# Hammock Beach



## akhan (Mar 17, 2011)

Hey guys,

Looking to go to Hammock Beach area in April -- any advice on fishing? License requirements, bait, type of fish to expect? The place seems great, is on beach, and full of seashells. Anyone fished it before or know any details would be much appreciated.


----------



## SloppyTilapia (Oct 4, 2013)

Non resident FL license is around $17 for a three day Saltwater license and $54 (I believe) for a year. Make sure you get a Saltwater license, since they sometimes will not specify and they do have separate salt and fresh water licenses. Everybody and everything (fish) love shrimp in FLA!! Can't go wrong with some fresh shrimp or fresh cut bait.


----------



## akhan (Mar 17, 2011)

Nice thanks for the info Tilapia! I called the resort and they said license not needed - would that hold true for private beach? Never been here b4 last time I went to FL I got my license just to be safe. Also what can I expect in that neck of the woods from a species perspective?


----------



## SloppyTilapia (Oct 4, 2013)

Wish I could tell you which species to expect down there this time of year. I looked on the map to find Hammock Beach and I have not been fishing that far down south on the East Coast of FL. Surely, there should be some Red and black drum with some pompano and trout mixed in. April is a prime month for any type of fishing in FL......if I could pick only one month to fish it would be either April or October. 
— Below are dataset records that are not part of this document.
(* Let $C=\{c_1,\dots,c_N\}\subset\mathbb{R}^d$ be an arbitrary finite set of centers and $P\subset\mathbb{R}^d$ an arbitrary finite nonempty set with $\mathrm{cost}(P,C)>0$. Pick a random point $c\in P$ with $\Pr(c=x)=\mathrm{cost}(x,C)/\mathrm{cost}(P,C)$ for $x\in P$, and let $C'=C\cup\{c\}$. Then $\mathbb{E}_c[\mathrm{cost}(P,C')]\le 5\,\mathrm{OPT}_1(P)$.
   Context: For a finite set $C\subset\mathbb{R}^d$ and a point $x$, $\mathrm{cost}(x,C)=\min_{c\in C}\|x-c\|^2$; for a finite set $\mathbf{Y}$, $\mathrm{cost}(\mathbf{Y},C)=\sum_{x\in\mathbf{Y}}\mathrm{cost}(x,C)$; $\mathrm{OPT}_1(\mathbf{Y})=\min_{z\in\mathbb{R}^d}\mathrm{cost}(\mathbf{Y},\{z\})$. *)

theory Defs
  imports "HOL-Analysis.Analysis"
begin

definition cost_pt :: "'a::euclidean_space \<Rightarrow> 'a set \<Rightarrow> real" where
  "cost_pt x C = Min ((\<lambda>c. (norm (x - c))\<^sup>2) ` C)"

definition cost :: "'a::euclidean_space set \<Rightarrow> 'a set \<Rightarrow> real" where
  "cost Y C = (\<Sum>x\<in>Y. cost_pt x C)"

definition OPT1 :: "'a::euclidean_space set \<Rightarrow> real" where
  "OPT1 Y = (INF z. cost Y {z})"

end

theory Submission
  imports Defs
begin

text \<open>Write \<open>D x = cost(x, C)\<close>. The expectation equals \<open>G / cost(P, C)\<close> with
  \<open>G = \<Sum>x \<Sum>y D x \<cdot> min (D y) |x - y|\<^sup>2\<close>. Since \<open>\<surd>D\<close> is 1-Lipschitz, an elementary inequality
  for \<open>a, b, p\<close> with \<open>|a - b| \<le> p\<close> bounds each symmetrised summand by
  \<open>5 \<cdot> min (D x) (D y) \<cdot> |x - y|\<^sup>2\<close>. Repeatedly peeling off the smallest weight (a discrete
  layer-cake decomposition) reduces \<open>\<Sum>x \<Sum>y min (D x) (D y) \<cdot> |x - y|\<^sup>2\<close> to the bound
  \<open>\<Sum>x \<Sum>y |x - y|\<^sup>2 \<le> 2 |A| \<Sum>x |x - z|\<^sup>2\<close> on the level sets \<open>A\<close>, which yields
  \<open>2 \<cdot> cost(P, C) \<cdot> cost(P, {z})\<close> for every \<open>z\<close>.\<close>

lemma sq_min_pair_le_ordered:
  fixes a b p :: real
  assumes "0 \<le> a" "a \<le> b" "b \<le> a + p"
  shows "b\<^sup>2 * min (a\<^sup>2) (p\<^sup>2) + a\<^sup>2 * min (b\<^sup>2) (p\<^sup>2) \<le> 5 * a\<^sup>2 * p\<^sup>2"
proof (cases "p \<le> a")
  case True
  have "b\<^sup>2 \<le> (2 * a)\<^sup>2" using assms True by (intro power_mono) auto
  then have "b\<^sup>2 * p\<^sup>2 \<le> 4 * a\<^sup>2 * p\<^sup>2" by (simp add: mult_right_mono)
  moreover have "min (a\<^sup>2) (p\<^sup>2) = p\<^sup>2" "min (b\<^sup>2) (p\<^sup>2) = p\<^sup>2"
    using assms True by (auto intro!: min_absorb2 power_mono)
  ultimately show ?thesis by simp
next
  case False
  then have min_a: "min (a\<^sup>2) (p\<^sup>2) = a\<^sup>2" using assms by (auto intro!: min_absorb1 power_mono)
  show ?thesis
  proof (cases "p \<le> b")
    case True
    have "b\<^sup>2 \<le> (2 * p)\<^sup>2" using assms False by (intro power_mono) auto
    then have "b\<^sup>2 * a\<^sup>2 \<le> 4 * p\<^sup>2 * a\<^sup>2" by (simp add: mult_right_mono)
    moreover have "min (b\<^sup>2) (p\<^sup>2) = p\<^sup>2" using assms True by (auto intro!: min_absorb2 power_mono)
    ultimately show ?thesis using min_a by (simp add: algebra_simps)
  next
    case False
    then have "b\<^sup>2 \<le> p\<^sup>2" using assms by (auto intro!: power_mono)
    then have "b\<^sup>2 * min (a\<^sup>2) (p\<^sup>2) + a\<^sup>2 * min (b\<^sup>2) (p\<^sup>2) = 2 * (a\<^sup>2 * b\<^sup>2)"
      using min_a by simp
    also have "\<dots> \<le> 2 * (a\<^sup>2 * p\<^sup>2)" using \<open>b\<^sup>2 \<le> p\<^sup>2\<close> by (simp add: mult_left_mono)
    also have "\<dots> \<le> 5 * a\<^sup>2 * p\<^sup>2" by simp
    finally show ?thesis .
  qed
qed

lemma sq_min_pair_le:
  fixes a b p :: real
  assumes "0 \<le> a" "0 \<le> b" "\<bar>a - b\<bar> \<le> p"
  shows "b\<^sup>2 * min (a\<^sup>2) (p\<^sup>2) + a\<^sup>2 * min (b\<^sup>2) (p\<^sup>2) \<le> 5 * min (a\<^sup>2) (b\<^sup>2) * p\<^sup>2"
proof (cases "a \<le> b")
  case True
  then have "min (a\<^sup>2) (b\<^sup>2) = a\<^sup>2" using assms by (simp add: power_mono)
  with True show ?thesis using sq_min_pair_le_ordered[of a b p] assms by simp
next
  case False
  then have "min (a\<^sup>2) (b\<^sup>2) = b\<^sup>2" using assms by (simp add: power_mono)
  with False show ?thesis using sq_min_pair_le_ordered[of b a p] assms by simp
qed

lemma sum_sum_dist_sq_le:
  fixes A :: "'a::real_inner set"
  shows "(\<Sum>x\<in>A. \<Sum>y\<in>A. (dist x y)\<^sup>2) \<le> 2 * card A * (\<Sum>x\<in>A. (dist x z)\<^sup>2)"
proof -
  define u where "u = (\<Sum>x\<in>A. x - z)"
  have cross_terms: "(\<Sum>x\<in>A. \<Sum>y\<in>A. (x - z) \<bullet> (y - z)) = u \<bullet> u"
    unfolding u_def inner_sum_left inner_sum_right by (rule sum.swap)
  have "(\<Sum>x\<in>A. \<Sum>y\<in>A. (dist x y)\<^sup>2)
      = (\<Sum>x\<in>A. \<Sum>y\<in>A. (dist x z)\<^sup>2 + (dist y z)\<^sup>2 - 2 * ((x - z) \<bullet> (y - z)))"
    by (intro sum.cong refl)
      (simp add: dist_norm power2_norm_eq_inner inner_diff_left inner_diff_right inner_commute)
  also have "\<dots> = 2 * card A * (\<Sum>x\<in>A. (dist x z)\<^sup>2) - 2 * (\<Sum>x\<in>A. \<Sum>y\<in>A. (x - z) \<bullet> (y - z))"
    by (simp add: sum.distrib sum_subtractf sum_distrib_left mult.assoc)
  also have "\<dots> \<le> 2 * card A * (\<Sum>x\<in>A. (dist x z)\<^sup>2)"
    unfolding cross_terms by simp
  finally show ?thesis .
qed

lemma sum_sum_min_weight_dist_sq_le:
  fixes A :: "'a::real_inner set" and D :: "'a \<Rightarrow> real"
  assumes "finite A" and "\<forall>x\<in>A. 0 \<le> D x"
  shows "(\<Sum>x\<in>A. \<Sum>y\<in>A. min (D x) (D y) * (dist x y)\<^sup>2)
    \<le> 2 * (\<Sum>x\<in>A. D x) * (\<Sum>x\<in>A. (dist x z)\<^sup>2)"
  using assms
proof (induction A arbitrary: D rule: finite_remove_induct)
  case empty
  then show ?case by simp
next
  case (remove A)
  define W where "W = (\<Sum>x\<in>A. (dist x z)\<^sup>2)"
  define d where "d = Min (D ` A)"
  have "d \<in> D ` A" using remove.hyps by (simp add: d_def)
  then obtain y where y: "y \<in> A" "D y = d" by blast
  have d_le: "d \<le> D x" if "x \<in> A" for x
    using remove.hyps that by (simp add: d_def)
  define D' where "D' x = D x - d" for x
  have D'_nonneg: "\<forall>x\<in>A - {y}. 0 \<le> D' x"
    using d_le by (simp add: D'_def)
  txt \<open>Split off the minimal weight \<open>d\<close>: the \<open>d\<close>-layer is bounded by
    \<open>sum_sum_dist_sq_le\<close>; the remaining weights \<open>D'\<close> vanish at \<open>y\<close>, so induction on
    \<open>A - {y}\<close> bounds the rest.\<close>
  have min_split: "min (D x) (D w) = d + min (D' x) (D' w)" for x w
    by (simp add: D'_def min_def)
  have drop_y: "(\<Sum>x\<in>A. \<Sum>w\<in>A. min (D' x) (D' w) * (dist x w)\<^sup>2)
      = (\<Sum>x\<in>A - {y}. \<Sum>w\<in>A - {y}. min (D' x) (D' w) * (dist x w)\<^sup>2)"
  proof -
    have "min (D' x) (D' y) = 0" "min (D' y) (D' x) = 0" if "x \<in> A" for x
      using d_le[OF that] y by (auto simp: D'_def min_def)
    then show ?thesis
      using remove.hyps(1) y(1) by (simp add: sum.remove[of A y])
  qed
  have "(\<Sum>x\<in>A - {y}. \<Sum>w\<in>A - {y}. min (D' x) (D' w) * (dist x w)\<^sup>2)
      \<le> 2 * (\<Sum>x\<in>A - {y}. D' x) * (\<Sum>x\<in>A - {y}. (dist x z)\<^sup>2)"
    using remove.IH[OF y(1) D'_nonneg] .
  also have "\<dots> \<le> 2 * (\<Sum>x\<in>A - {y}. D' x) * W"
    unfolding W_def using D'_nonneg remove.hyps(1)
    by (intro mult_left_mono sum_mono2) (auto intro: sum_nonneg)
  finally have IH: "(\<Sum>x\<in>A. \<Sum>w\<in>A. min (D' x) (D' w) * (dist x w)\<^sup>2)
      \<le> 2 * (\<Sum>x\<in>A - {y}. D' x) * W" unfolding drop_y .
  have diam: "d * (\<Sum>x\<in>A. \<Sum>w\<in>A. (dist x w)\<^sup>2) \<le> d * (2 * card A * W)"
    using sum_sum_dist_sq_le[of A z] d_le[OF y(1)] remove.prems y
    unfolding W_def by (intro mult_left_mono) auto
  have "(\<Sum>x\<in>A. \<Sum>w\<in>A. min (D x) (D w) * (dist x w)\<^sup>2)
      = d * (\<Sum>x\<in>A. \<Sum>w\<in>A. (dist x w)\<^sup>2) + (\<Sum>x\<in>A. \<Sum>w\<in>A. min (D' x) (D' w) * (dist x w)\<^sup>2)"
    by (simp only: min_split distrib_right sum.distrib sum_distrib_left)
  also have "\<dots> \<le> 2 * (d * card A + (\<Sum>x\<in>A - {y}. D' x)) * W"
    using diam IH by (simp add: algebra_simps)
  also have "d * card A + (\<Sum>x\<in>A - {y}. D' x) = (\<Sum>x\<in>A. D x)"
    using remove.hyps(1,2) y card_gt_0_iff[of A]
    by (simp add: D'_def sum_subtractf sum.remove[of A y] of_nat_diff algebra_simps)
  finally show ?case unfolding W_def .
qed

lemma cost_pt_insert:
  assumes "finite C" "C \<noteq> {}"
  shows "cost_pt y (insert x C) = min (cost_pt y C) ((dist y x)\<^sup>2)"
  using assms by (simp add: cost_pt_def dist_norm min.commute)

lemma cost_pt_attained:
  assumes "finite C" "C \<noteq> {}"
  obtains e where "e \<in> C" "cost_pt x C = (dist x e)\<^sup>2"
proof -
  have "cost_pt x C \<in> (\<lambda>c. (norm (x - c))\<^sup>2) ` C"
    unfolding cost_pt_def using assms by (intro Min_in) auto
  then show ?thesis using that by (auto simp: dist_norm)
qed

lemma cost_pt_nonneg:
  assumes "finite C" "C \<noteq> {}"
  shows "0 \<le> cost_pt x C"
  using cost_pt_attained[OF assms, of x] by (metis zero_le_power2)

lemma sqrt_cost_pt_le:
  assumes "finite C" "C \<noteq> {}"
  shows "sqrt (cost_pt y C) \<le> sqrt (cost_pt x C) + dist x y"
proof -
  obtain e where e: "e \<in> C" "cost_pt x C = (dist x e)\<^sup>2"
    using cost_pt_attained[OF assms] .
  have "cost_pt y C \<le> (dist y e)\<^sup>2"
    unfolding cost_pt_def using assms e(1) by (intro Min_le) (auto simp: dist_norm)
  then have "sqrt (cost_pt y C) \<le> dist y e"
    using real_sqrt_le_mono by fastforce
  also have "\<dots> \<le> dist x e + dist x y"
    using dist_triangle3[of y e x] by linarith
  finally show ?thesis using e(2) by simp
qed

lemma cost_singleton: "cost P {z} = (\<Sum>x\<in>P. (dist x z)\<^sup>2)"
  by (simp add: cost_def cost_pt_def dist_norm)

lemma OPT1_greatest:
  assumes "\<And>z. b \<le> cost P {z}"
  shows "b \<le> OPT1 P"
  unfolding OPT1_def using assms by (intro cINF_greatest) auto

lemma expected_cost_eq:
  assumes "finite C" "C \<noteq> {}"
  shows "(\<Sum>x\<in>P. (cost_pt x C / cost P C) * cost P (C \<union> {x}))
    = (\<Sum>x\<in>P. \<Sum>y\<in>P. cost_pt x C * min (cost_pt y C) ((dist y x)\<^sup>2)) / cost P C"
  using assms
  by (simp add: cost_def cost_pt_insert sum_divide_distrib sum_distrib_left mult.commute)

lemma cost_pt_pair_le:
  assumes "finite C" "C \<noteq> {}"
  shows "cost_pt x C * min (cost_pt y C) ((dist y x)\<^sup>2) + cost_pt y C * min (cost_pt x C) ((dist x y)\<^sup>2)
    \<le> 5 * min (cost_pt x C) (cost_pt y C) * (dist x y)\<^sup>2"
proof -
  define a b where "a = sqrt (cost_pt y C)" and "b = sqrt (cost_pt x C)"
  have sq: "a\<^sup>2 = cost_pt y C" "b\<^sup>2 = cost_pt x C"
    using cost_pt_nonneg[OF assms] by (simp_all add: a_def b_def)
  have "\<bar>a - b\<bar> \<le> dist x y"
    using sqrt_cost_pt_le[OF assms, of x y] sqrt_cost_pt_le[OF assms, of y x]
    by (simp add: a_def b_def dist_commute abs_le_iff)
  then have "b\<^sup>2 * min (a\<^sup>2) ((dist x y)\<^sup>2) + a\<^sup>2 * min (b\<^sup>2) ((dist x y)\<^sup>2)
      \<le> 5 * min (a\<^sup>2) (b\<^sup>2) * (dist x y)\<^sup>2"
    using cost_pt_nonneg[OF assms] by (intro sq_min_pair_le) (simp_all add: a_def b_def)
  then show ?thesis by (simp add: sq dist_commute min.commute)
qed

lemma sum_sum_cost_pt_le:
  assumes "finite C" "C \<noteq> {}"
  shows "2 * (\<Sum>x\<in>P. \<Sum>y\<in>P. cost_pt x C * min (cost_pt y C) ((dist y x)\<^sup>2))
    \<le> 5 * (\<Sum>x\<in>P. \<Sum>y\<in>P. min (cost_pt x C) (cost_pt y C) * (dist x y)\<^sup>2)"
proof -
  let ?g = "\<lambda>x y. cost_pt x C * min (cost_pt y C) ((dist y x)\<^sup>2)"
  have "2 * (\<Sum>x\<in>P. \<Sum>y\<in>P. ?g x y) = (\<Sum>x\<in>P. \<Sum>y\<in>P. ?g x y) + (\<Sum>x\<in>P. \<Sum>y\<in>P. ?g y x)"
    using sum.swap[of ?g P P] by simp
  also have "\<dots> = (\<Sum>x\<in>P. \<Sum>y\<in>P. ?g x y + ?g y x)"
    by (simp only: sum.distrib)
  also have "\<dots> \<le> (\<Sum>x\<in>P. \<Sum>y\<in>P. 5 * min (cost_pt x C) (cost_pt y C) * (dist x y)\<^sup>2)"
    by (intro sum_mono cost_pt_pair_le[OF assms])
  finally show ?thesis by (simp add: sum_distrib_left mult.assoc)
qed

theorem mainTheorem3:
  fixes C P :: "'a::euclidean_space set"
  assumes "finite C" and "C \<noteq> {}"
    and "finite P" and "P \<noteq> {}"
    and "cost P C > 0"
  shows "(\<Sum>x\<in>P. (cost_pt x C / cost P C) * cost P (C \<union> {x})) \<le> 5 * OPT1 P"
proof -
  let ?G = "\<Sum>x\<in>P. \<Sum>y\<in>P. cost_pt x C * min (cost_pt y C) ((dist y x)\<^sup>2)"
  have "?G / cost P C / 5 \<le> cost P {z}" for z
  proof -
    have "(\<Sum>x\<in>P. \<Sum>y\<in>P. min (cost_pt x C) (cost_pt y C) * (dist x y)\<^sup>2)
        \<le> 2 * cost P C * cost P {z}"
      using sum_sum_min_weight_dist_sq_le[OF assms(3), of "\<lambda>x. cost_pt x C" z]
        cost_pt_nonneg[OF assms(1,2)]
      by (simp add: cost_def[of P C] cost_singleton)
    then have "?G \<le> 5 * cost P C * cost P {z}"
      using sum_sum_cost_pt_le[OF assms(1,2), of P] by linarith
    then show ?thesis
      using assms(5) by (simp add: divide_le_eq mult.commute mult.left_commute)
  qed
  then have "?G / cost P C / 5 \<le> OPT1 P"
    by (rule OPT1_greatest)
  then show ?thesis
    unfolding expected_cost_eq[OF assms(1,2)] by simp
qed

end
If the resort told you not to worry about a license, then I would tend to follow their advice. Hopefully, they would not steer you in the wrong direction.


----------



## mjl (Aug 26, 2021)

i am surf fishing in hammock beach just north of the beach club and keep catching annoying little carfish. what do i need to do


----------



## Trevfishin (Apr 10, 2019)

Fish early and late. Fish different distances from the beach. Read the beach and find the trough.


----------